--- Records shown ---
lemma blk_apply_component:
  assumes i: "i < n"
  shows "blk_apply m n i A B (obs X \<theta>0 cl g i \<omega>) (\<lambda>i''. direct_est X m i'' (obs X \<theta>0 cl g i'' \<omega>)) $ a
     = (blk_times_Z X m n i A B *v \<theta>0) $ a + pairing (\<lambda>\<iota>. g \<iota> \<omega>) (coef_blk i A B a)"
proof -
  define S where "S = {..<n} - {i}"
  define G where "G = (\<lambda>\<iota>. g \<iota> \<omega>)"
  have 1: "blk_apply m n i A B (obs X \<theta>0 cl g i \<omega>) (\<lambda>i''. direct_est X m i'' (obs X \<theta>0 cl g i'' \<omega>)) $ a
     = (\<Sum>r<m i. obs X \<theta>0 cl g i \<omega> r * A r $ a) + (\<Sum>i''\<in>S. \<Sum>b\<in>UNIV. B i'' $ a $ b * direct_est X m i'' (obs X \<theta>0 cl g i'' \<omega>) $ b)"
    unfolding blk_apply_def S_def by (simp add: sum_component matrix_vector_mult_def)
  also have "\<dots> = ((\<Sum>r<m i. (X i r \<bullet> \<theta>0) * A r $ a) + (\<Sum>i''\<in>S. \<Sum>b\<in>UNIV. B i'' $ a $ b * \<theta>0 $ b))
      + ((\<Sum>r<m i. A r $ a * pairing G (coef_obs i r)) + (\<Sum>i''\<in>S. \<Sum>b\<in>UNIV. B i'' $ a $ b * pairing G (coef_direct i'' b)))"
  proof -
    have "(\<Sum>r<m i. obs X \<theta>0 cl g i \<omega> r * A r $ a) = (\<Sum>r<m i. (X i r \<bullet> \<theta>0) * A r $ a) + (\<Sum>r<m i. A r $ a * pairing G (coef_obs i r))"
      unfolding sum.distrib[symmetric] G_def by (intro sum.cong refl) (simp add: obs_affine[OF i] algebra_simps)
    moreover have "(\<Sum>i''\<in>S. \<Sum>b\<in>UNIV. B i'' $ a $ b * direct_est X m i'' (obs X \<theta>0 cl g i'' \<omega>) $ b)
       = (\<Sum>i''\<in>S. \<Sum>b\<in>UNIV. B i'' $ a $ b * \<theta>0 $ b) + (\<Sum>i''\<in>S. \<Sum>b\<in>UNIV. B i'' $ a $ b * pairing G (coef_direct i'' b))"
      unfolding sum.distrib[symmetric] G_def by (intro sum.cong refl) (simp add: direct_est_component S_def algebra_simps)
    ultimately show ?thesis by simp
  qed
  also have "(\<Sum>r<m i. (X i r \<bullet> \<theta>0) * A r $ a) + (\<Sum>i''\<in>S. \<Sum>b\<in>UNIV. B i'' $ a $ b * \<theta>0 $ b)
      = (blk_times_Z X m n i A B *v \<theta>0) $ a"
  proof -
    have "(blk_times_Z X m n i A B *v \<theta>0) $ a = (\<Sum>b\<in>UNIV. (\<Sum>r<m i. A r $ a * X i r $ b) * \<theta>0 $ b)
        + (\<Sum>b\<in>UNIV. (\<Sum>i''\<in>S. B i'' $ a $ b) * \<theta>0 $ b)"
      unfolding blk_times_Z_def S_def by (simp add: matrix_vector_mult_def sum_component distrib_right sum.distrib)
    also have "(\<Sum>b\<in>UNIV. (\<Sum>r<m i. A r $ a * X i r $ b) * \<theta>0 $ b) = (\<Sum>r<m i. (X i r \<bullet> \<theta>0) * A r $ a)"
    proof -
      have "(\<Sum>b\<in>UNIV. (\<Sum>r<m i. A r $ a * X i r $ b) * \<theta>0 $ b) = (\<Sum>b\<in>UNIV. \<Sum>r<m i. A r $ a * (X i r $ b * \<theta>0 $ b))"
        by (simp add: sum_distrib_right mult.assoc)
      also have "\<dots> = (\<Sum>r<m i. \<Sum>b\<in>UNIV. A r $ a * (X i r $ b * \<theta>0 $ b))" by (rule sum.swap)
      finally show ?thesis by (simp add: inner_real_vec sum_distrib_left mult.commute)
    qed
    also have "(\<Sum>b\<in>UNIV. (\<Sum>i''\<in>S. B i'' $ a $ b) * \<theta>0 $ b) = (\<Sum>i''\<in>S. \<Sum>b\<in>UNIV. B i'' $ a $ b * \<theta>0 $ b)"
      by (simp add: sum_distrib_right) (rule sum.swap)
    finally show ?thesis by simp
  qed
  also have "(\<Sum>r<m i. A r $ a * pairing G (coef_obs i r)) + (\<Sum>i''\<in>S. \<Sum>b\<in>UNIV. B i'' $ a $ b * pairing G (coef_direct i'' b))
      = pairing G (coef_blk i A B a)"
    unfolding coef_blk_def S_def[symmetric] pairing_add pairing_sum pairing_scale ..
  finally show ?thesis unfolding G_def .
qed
---
--- Records shown ---
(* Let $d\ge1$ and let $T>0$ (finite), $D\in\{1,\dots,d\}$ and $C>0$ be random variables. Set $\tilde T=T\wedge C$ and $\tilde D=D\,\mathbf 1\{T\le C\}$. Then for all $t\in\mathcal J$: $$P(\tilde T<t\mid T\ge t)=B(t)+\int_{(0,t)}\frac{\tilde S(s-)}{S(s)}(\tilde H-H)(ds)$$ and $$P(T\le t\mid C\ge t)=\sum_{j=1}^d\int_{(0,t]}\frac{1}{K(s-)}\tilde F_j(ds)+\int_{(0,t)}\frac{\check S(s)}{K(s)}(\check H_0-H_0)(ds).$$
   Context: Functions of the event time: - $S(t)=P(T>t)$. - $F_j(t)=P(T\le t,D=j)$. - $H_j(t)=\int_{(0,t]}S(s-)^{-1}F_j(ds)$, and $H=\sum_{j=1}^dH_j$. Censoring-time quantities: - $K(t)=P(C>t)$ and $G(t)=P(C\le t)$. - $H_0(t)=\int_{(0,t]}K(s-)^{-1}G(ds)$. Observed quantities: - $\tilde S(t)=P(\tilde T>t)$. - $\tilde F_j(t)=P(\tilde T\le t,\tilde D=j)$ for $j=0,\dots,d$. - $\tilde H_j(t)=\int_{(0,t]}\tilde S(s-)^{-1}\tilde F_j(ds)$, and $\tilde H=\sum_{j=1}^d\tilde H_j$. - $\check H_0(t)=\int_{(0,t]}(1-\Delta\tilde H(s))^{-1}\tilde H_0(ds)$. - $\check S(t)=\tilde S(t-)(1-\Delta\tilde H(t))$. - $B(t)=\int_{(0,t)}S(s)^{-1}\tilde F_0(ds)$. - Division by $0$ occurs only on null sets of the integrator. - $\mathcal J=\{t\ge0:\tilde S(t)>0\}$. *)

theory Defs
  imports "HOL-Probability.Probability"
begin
---
--- Records shown ---
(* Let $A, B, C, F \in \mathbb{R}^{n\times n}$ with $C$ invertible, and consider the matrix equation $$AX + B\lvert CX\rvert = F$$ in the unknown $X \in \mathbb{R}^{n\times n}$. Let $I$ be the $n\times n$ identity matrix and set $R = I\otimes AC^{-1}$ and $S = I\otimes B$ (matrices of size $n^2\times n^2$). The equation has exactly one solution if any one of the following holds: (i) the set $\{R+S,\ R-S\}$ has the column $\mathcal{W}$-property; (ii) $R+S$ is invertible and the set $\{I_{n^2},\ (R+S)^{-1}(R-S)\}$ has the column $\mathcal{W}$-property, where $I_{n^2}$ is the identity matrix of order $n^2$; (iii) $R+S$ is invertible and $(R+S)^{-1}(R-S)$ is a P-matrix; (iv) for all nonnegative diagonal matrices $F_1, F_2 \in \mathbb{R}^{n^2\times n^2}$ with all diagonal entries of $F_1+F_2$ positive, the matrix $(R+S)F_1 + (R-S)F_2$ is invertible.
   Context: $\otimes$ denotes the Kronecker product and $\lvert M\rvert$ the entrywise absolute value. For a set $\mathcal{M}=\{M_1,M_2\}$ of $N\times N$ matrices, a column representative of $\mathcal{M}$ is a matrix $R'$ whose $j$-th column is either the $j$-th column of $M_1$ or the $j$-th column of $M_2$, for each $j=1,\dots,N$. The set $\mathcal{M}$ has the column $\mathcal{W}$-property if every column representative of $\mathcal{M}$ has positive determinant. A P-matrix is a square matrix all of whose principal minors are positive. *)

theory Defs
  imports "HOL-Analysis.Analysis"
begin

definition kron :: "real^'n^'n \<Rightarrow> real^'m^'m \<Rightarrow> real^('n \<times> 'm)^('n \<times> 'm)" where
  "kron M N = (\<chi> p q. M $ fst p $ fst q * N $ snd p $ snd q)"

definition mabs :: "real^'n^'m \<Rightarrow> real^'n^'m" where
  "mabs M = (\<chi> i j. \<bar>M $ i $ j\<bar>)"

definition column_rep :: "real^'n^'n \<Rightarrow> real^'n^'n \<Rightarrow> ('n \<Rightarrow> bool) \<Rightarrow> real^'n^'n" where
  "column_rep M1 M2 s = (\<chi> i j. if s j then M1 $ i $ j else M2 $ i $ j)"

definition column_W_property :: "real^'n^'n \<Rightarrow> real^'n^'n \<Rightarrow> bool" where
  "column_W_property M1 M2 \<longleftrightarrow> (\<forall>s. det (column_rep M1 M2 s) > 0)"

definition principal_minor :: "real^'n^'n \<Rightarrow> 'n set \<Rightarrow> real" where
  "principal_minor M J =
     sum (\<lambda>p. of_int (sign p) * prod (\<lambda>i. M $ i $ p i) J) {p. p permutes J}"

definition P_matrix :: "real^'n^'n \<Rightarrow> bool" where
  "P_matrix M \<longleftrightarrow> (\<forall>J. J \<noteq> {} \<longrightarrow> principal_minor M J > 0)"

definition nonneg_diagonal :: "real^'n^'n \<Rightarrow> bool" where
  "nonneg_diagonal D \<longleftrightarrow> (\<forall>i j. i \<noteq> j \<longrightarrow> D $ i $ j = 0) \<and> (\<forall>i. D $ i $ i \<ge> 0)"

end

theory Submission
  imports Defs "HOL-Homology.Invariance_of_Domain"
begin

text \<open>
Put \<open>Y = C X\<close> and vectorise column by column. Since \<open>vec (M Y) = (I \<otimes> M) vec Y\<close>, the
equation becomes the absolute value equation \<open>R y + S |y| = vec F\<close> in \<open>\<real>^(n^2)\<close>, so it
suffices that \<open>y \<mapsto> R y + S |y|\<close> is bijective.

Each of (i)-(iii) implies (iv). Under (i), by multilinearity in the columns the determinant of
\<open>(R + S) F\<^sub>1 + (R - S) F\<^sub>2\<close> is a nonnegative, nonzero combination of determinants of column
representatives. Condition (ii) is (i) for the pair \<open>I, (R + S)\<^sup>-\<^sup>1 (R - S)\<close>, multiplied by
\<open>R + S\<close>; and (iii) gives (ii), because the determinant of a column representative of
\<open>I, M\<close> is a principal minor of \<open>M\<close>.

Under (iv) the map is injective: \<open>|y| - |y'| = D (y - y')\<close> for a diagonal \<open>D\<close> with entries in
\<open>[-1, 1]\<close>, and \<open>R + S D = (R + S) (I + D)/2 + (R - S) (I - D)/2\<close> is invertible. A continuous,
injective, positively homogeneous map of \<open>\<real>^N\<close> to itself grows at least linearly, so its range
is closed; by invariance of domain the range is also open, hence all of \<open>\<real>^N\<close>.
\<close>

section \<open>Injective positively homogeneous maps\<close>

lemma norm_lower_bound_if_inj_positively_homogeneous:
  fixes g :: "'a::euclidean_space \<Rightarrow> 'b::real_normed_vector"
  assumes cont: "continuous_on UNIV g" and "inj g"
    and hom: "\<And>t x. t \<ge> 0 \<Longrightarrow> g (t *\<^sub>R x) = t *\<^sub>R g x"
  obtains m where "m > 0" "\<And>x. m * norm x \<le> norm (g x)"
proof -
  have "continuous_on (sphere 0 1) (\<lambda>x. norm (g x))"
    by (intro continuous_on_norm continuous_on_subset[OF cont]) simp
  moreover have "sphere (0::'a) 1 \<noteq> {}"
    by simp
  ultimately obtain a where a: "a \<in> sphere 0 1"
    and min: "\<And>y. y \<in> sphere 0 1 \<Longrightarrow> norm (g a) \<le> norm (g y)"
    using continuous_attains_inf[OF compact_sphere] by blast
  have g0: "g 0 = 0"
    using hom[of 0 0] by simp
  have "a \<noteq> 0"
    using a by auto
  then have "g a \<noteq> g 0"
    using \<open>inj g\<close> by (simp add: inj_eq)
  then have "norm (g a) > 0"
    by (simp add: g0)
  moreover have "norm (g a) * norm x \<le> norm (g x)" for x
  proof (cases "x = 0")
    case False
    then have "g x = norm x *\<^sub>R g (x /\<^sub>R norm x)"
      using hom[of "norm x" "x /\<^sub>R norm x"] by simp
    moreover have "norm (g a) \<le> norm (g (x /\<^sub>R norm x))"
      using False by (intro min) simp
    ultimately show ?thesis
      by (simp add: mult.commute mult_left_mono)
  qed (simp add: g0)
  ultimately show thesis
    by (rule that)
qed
---
--- Your task ---
Working from the material above, retype exactly the lines from the one with "Under (iv) the" through the one with "a \<noteq> g", both included, and only those lines.

--- The answer ---
Under (iv) the map is injective: \<open>|y| - |y'| = D (y - y')\<close> for a diagonal \<open>D\<close> with entries in
\<open>[-1, 1]\<close>, and \<open>R + S D = (R + S) (I + D)/2 + (R - S) (I - D)/2\<close> is invertible. A continuous,
injective, positively homogeneous map of \<open>\<real>^N\<close> to itself grows at least linearly, so its range
is closed; by invariance of domain the range is also open, hence all of \<open>\<real>^N\<close>.
\<close>

section \<open>Injective positively homogeneous maps\<close>

lemma norm_lower_bound_if_inj_positively_homogeneous:
  fixes g :: "'a::euclidean_space \<Rightarrow> 'b::real_normed_vector"
  assumes cont: "continuous_on UNIV g" and "inj g"
    and hom: "\<And>t x. t \<ge> 0 \<Longrightarrow> g (t *\<^sub>R x) = t *\<^sub>R g x"
  obtains m where "m > 0" "\<And>x. m * norm x \<le> norm (g x)"
proof -
  have "continuous_on (sphere 0 1) (\<lambda>x. norm (g x))"
    by (intro continuous_on_norm continuous_on_subset[OF cont]) simp
  moreover have "sphere (0::'a) 1 \<noteq> {}"
    by simp
  ultimately obtain a where a: "a \<in> sphere 0 1"
    and min: "\<And>y. y \<in> sphere 0 1 \<Longrightarrow> norm (g a) \<le> norm (g y)"
    using continuous_attains_inf[OF compact_sphere] by blast
  have g0: "g 0 = 0"
    using hom[of 0 0] by simp
  have "a \<noteq> 0"
    using a by auto
  then have "g a \<noteq> g 0"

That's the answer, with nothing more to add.